> **PROBLEM DETAILS**:
State how many lines in the material hold the string "infinity"; nothing besides that number is expected.

> **EXTRACTED MATERIAL**:
theorem mainTheorem6:
  fixes p \<gamma> M :: real
  assumes "1 < p" and "1/p - 1 < \<gamma>" and "\<gamma> < 1/p" and "M > 0"
  shows "\<exists>C::real. C > 0 \<and> (\<forall>c::nat \<Rightarrow> real. GBV_with M c \<longrightarrow>
     (\<Sum>\<^sub>\<infinity>n\<in>{1..}. ennreal (real n powr (p + p*\<gamma> - 2)) *
         ennpow (\<Sum>\<^sub>\<infinity>k\<in>{n..}. ennreal \<bar>Delta c k\<bar>) p)
     \<le> ennreal C * (\<Sum>\<^sub>\<infinity>n\<in>{1..}. ennreal (real n powr (p + p*\<gamma> - 2) * c n powr p)))"
proof -
  define al where "al = p + p * \<gamma> - 2"
  have p: "0 < p" using assms(1) by simp
  have a: "0 < al + 1"
    using mult_strict_left_mono[OF assms(2) p] p by (simp add: al_def algebra_simps)
  obtain K r where K: "0 < K" and r: "0 < r" "r < 1"
    and block: "\<And>c i. GBV_with M c \<Longrightarrow>
       (\<Sum>n\<in>{2^i..<2^(i+1)}. ennreal (real n powr al) * ennpow (\<Sum>\<^sub>\<infinity>k\<in>{n..}. ennreal \<bar>Delta c k\<bar>) p)
       \<le> (\<Sum>l. ennreal (K * r ^ l * dyadic_block (\<lambda>m. real m powr al * c m powr p) (i + l - 1)))"
    using GBV_with_weighted_tail_block_le[OF p a assms(4)] by blast
  show ?thesis unfolding al_def[symmetric]
  proof (intro exI[of _ "2 * K / (1 - r)"] conjI allI impI)
    show "0 < 2 * K / (1 - r)" using K r by simp
    fix c assume "GBV_with M c"
    then show "(\<Sum>\<^sub>\<infinity>n\<in>{1..}. ennreal (real n powr al) * ennpow (\<Sum>\<^sub>\<infinity>k\<in>{n..}. ennreal \<bar>Delta c k\<bar>) p)
        \<le> ennreal (2 * K / (1 - r)) * (\<Sum>\<^sub>\<infinity>n\<in>{1..}. ennreal (real n powr al * c n powr p))"
      using K r by (intro infsum_le_of_dyadic_blocks_le_convolution block) auto
  qed
qed

end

> **YOUR SOLUTION**:
6